Something like that.
Are there any nicer looking ways to do this?
Python Solutions
Solution 1 - Python
Use isinstance.
>>> x = 12
>>> isinstance(x, int)
True
>>> y = 12.0
>>> isinstance(y, float)
True
So:
>>> if isinstance(x, int):
print 'x is a int!'
x is a int!
EDIT:
As pointed out, in case of long integers, the above won't work. So you need to do:
>>> x = 12L
>>> import numbers
>>> isinstance(x, numbers.Integral)
True
>>> isinstance(x, int)
False
Solution 2 - Python
I like @ninjagecko's answer the most.
This would also work:
> for Python 2.x
isinstance(n, (int, long, float))
> Python 3.x doesn't have long
isinstance(n, (int, float))
there is also type complex for complex numbers
Solution 3 - Python
(note: this will return True
for type bool
, at least in cpython, which may not be what you want. Thank you commenters.)
One-liner:
isinstance(yourNumber, numbers.Real)
This avoids some problems:
>>> isinstance(99**10,int)
False
Demo:
>>> import numbers
>>> someInt = 10
>>> someLongInt = 100000L
>>> someFloat = 0.5
>>> isinstance(someInt, numbers.Real)
True
>>> isinstance(someLongInt, numbers.Real)
True
>>> isinstance(someFloat, numbers.Real)
True
Solution 4 - Python
You can use modulo to determine if x is an integer numerically. The isinstance(x, int)

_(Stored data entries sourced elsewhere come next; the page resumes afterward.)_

lemma nn_integral_PiM_bernoulli_real_convex_eq_iff:
  fixes g :: "real \<Rightarrow> real" and u :: "'i \<Rightarrow> real"
  assumes "finite I" "0 < \<theta>" "\<theta> < 1" and u: "\<And>k. k \<in> I \<Longrightarrow> 0 \<le> u k" "sum u I = 1"
    and g: "\<And>t. 0 \<le> t \<Longrightarrow> 0 \<le> g t" "g \<in> borel_measurable borel"
    and chord: "\<And>s. 0 < s \<Longrightarrow> s < 1 \<Longrightarrow> g s < s * g 1 + (1 - s) * g 0"
  shows "(\<integral>\<^sup>+b. ennreal (g (\<Sum>k\<in>I. u k * (b k)\<^sup>2)) \<partial>PiM I (\<lambda>_. bernoulli_real \<theta>)) =
      ennreal (\<theta> * g 1 + (1 - \<theta>) * g 0) \<longleftrightarrow> (\<exists>k\<in>I. u k = 1)"
proof
  assume "\<exists>k\<in>I. u k = 1"
  then obtain k0 where "k0 \<in> I" "u k0 = 1" by blast
  have "sum u (I - {k0}) = 0"
    using sum.remove[OF \<open>finite I\<close> \<open>k0 \<in> I\<close>, of u] u(2) \<open>u k0 = 1\<close> by simp
  then have "u k = 0" if "k \<in> I - {k0}" for k
    using that u(1) \<open>finite I\<close> by (subst (asm) sum_nonneg_eq_0_iff) auto
  then have "(\<Sum>k\<in>I. u k * (b k)\<^sup>2) = (b k0)\<^sup>2" for b
    using sum.remove[OF \<open>finite I\<close> \<open>k0 \<in> I\<close>, of "\<lambda>k. u k * (b k)\<^sup>2"] \<open>u k0 = 1\<close> by simp
  then show "(\<integral>\<^sup>+b. ennreal (g (\<Sum>k\<in>I. u k * (b k)\<^sup>2)) \<partial>PiM I (\<lambda>_. bernoulli_real \<theta>)) =
      ennreal (\<theta> * g 1 + (1 - \<theta>) * g 0)"
    using \<open>k0 \<in> I\<close> \<open>0 < \<theta>\<close> \<open>\<theta> < 1\<close> g
    by (simp add: nn_integral_PiM_bernoulli_real_component[where F = "\<lambda>t. g (t\<^sup>2)"])
next
  assume eq: "(\<integral>\<^sup>+b. ennreal (g (\<Sum>k\<in>I. u k * (b k)\<^sup>2)) \<partial>PiM I (\<lambda>_. bernoulli_real \<theta>)) =
      ennreal (\<theta> * g 1 + (1 - \<theta>) * g 0)"
  show "\<exists>k\<in>I. u k = 1"
  proof (rule ccontr)
    assume "\<not> (\<exists>k\<in>I. u k = 1)"
    then obtain k1 k2 where "k1 \<in> I" "k2 \<in> I" "k1 \<noteq> k2" "0 < u k1" "0 < u k2"
      using two_positive_weights[OF \<open>finite I\<close> u] by blast
    with nn_integral_PiM_bernoulli_real_convex_less[OF assms] eq show False
      by simp
  qed
qed
theorem mainTheorem12:
  fixes q a b c :: complex
  assumes "norm q < 1" and "a \<noteq> 0" and "b \<noteq> 0" and "c \<noteq> 0"
  shows "(qpoch_inf q (q^2))^2 *
           (qtheta a q * qtheta b q * qtheta (-c) q
          + qtheta a q * qtheta (-b) q * qtheta c q
          + qtheta (-a) q * qtheta b q * qtheta c q)
       = qpoch_inf a q * qpoch_inf (q / a) q * qtheta (b * c) (q^2) * qtheta (b * q / c) (q^2)
       + qpoch_inf b q * qpoch_inf (q / b) q * qtheta (a * c) (q^2) * qtheta (a * q / c) (q^2)
       + qpoch_inf c q * qpoch_inf (q / c) q * qtheta (a * b) (q^2) * qtheta (a * q / b) (q^2)"
  using qtheta_sign_pair[OF assms(1,3,4)] qtheta_sign_pair[OF assms(1,2,4)]
    qtheta_sign_pair[OF assms(1,2,3)]
  unfolding qtheta_def[symmetric]
  by algebra

end
definition dist_to_ones :: "nat \<Rightarrow> nat \<Rightarrow> real \<Rightarrow> real" where
  "dist_to_ones n r v = (if v = real n + 1 then real r else real n - v)"

lemma dist_to_ones_Fork:
  assumes "r \<le> n" "y \<in> cube n" "y \<noteq> fork_peak n r"
  shows "dist_to_ones n r (Fork n r y) = real (hdist y (replicate n True))"
proof (cases "y = fork_decoy n r")
  case True
  then show ?thesis
    using assms(1) by (simp add: Fork_eq dist_to_ones_def hdist_fork_decoy_ones)
next
  case False
  have "ones y + hdist y (replicate n True) = n"
    using ones_add_hdist_ones[of y] assms(2) by (simp add: cube_def)
  then have "real (ones y) \<noteq> real n + 1" "real n - real (ones y) = real (hdist y (replicate n True))"
    by linarith+
  then show ?thesis
    using False assms(3) by (simp add: Fork_eq dist_to_ones_def)
qed

lemma dist_to_ones_Fork_aut:
  assumes aut: "hypercube_aut n \<sigma>" and "r \<le> n" "x \<in> cube n" "\<sigma> x \<noteq> fork_peak n r"
    and z: "z \<in> cube n" "\<sigma> z = replicate n True"
  shows "dist_to_ones n r (Fork n r (\<sigma> x)) = real (hdist x z)"
  using dist_to_ones_Fork[of r n "\<sigma> x"] hypercube_aut_hdist[OF aut \<open>x \<in> cube n\<close> z(1)]
    hypercube_aut_in_cube[OF aut] assms by simp

definition unit_vec :: "nat \<Rightarrow> nat \<Rightarrow> bool list" where
  "unit_vec n i = (replicate n False)[i := True]"

lemma hdist_unit_vec_less_iff:
  assumes "length z = n" "i < n"
  shows "hdist (unit_vec n i) z < hdist (replicate n False) z \<longleftrightarrow> z ! i"
proof -
  let ?A = "{j. j < n \<and> z ! j}"
  have zero: "{j. j < length (replicate n False) \<and> replicate n False ! j \<noteq> z ! j} = ?A"
    by auto
  show ?thesis
  proof (cases "z ! i")
    case True
    then have "{j. j < length (unit_vec n i) \<and> unit_vec n i ! j \<noteq> z ! j} = ?A - {i}"
      using assms by (auto simp: unit_vec_def nth_list_update)
    moreover have "i \<in> ?A"
      using True assms by simp
    ultimately show ?thesis
      unfolding hdist_def zero using True card_Diff1_less[of ?A i] by simp
  next
    case False
    then have "{j. j < length (unit_vec n i) \<and> unit_vec n i ! j \<noteq> z ! j} = insert i ?A"
      using assms by (auto simp: unit_vec_def nth_list_update)
    moreover have "i \<notin> ?A"
      using False by simp
    ultimately show ?thesis
      unfolding hdist_def zero using False by simp
  qed
qed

method only determines if x is an integer by type:
def isInt(x):
if x%1 == 0:
print "X is an integer"
else:
print "X is not an integer"
Solution 5 - Python
It's easier to ask forgiveness than ask permission. Simply perform the operation. If it works, the object was of an acceptable, suitable, proper type. If the operation doesn't work, the object was not of a suitable type. Knowing the type rarely helps.
Simply attempt the operation and see if it works.
inNumber = somenumber
try:
inNumberint = int(inNumber)
print "this number is an int"
except ValueError:
pass
try:
inNumberfloat = float(inNumber)
print "this number is a float"
except ValueError:
pass
Solution 6 - Python
What you can do too is usingtype()
Example:
if type(inNumber) == int : print "This number is an int"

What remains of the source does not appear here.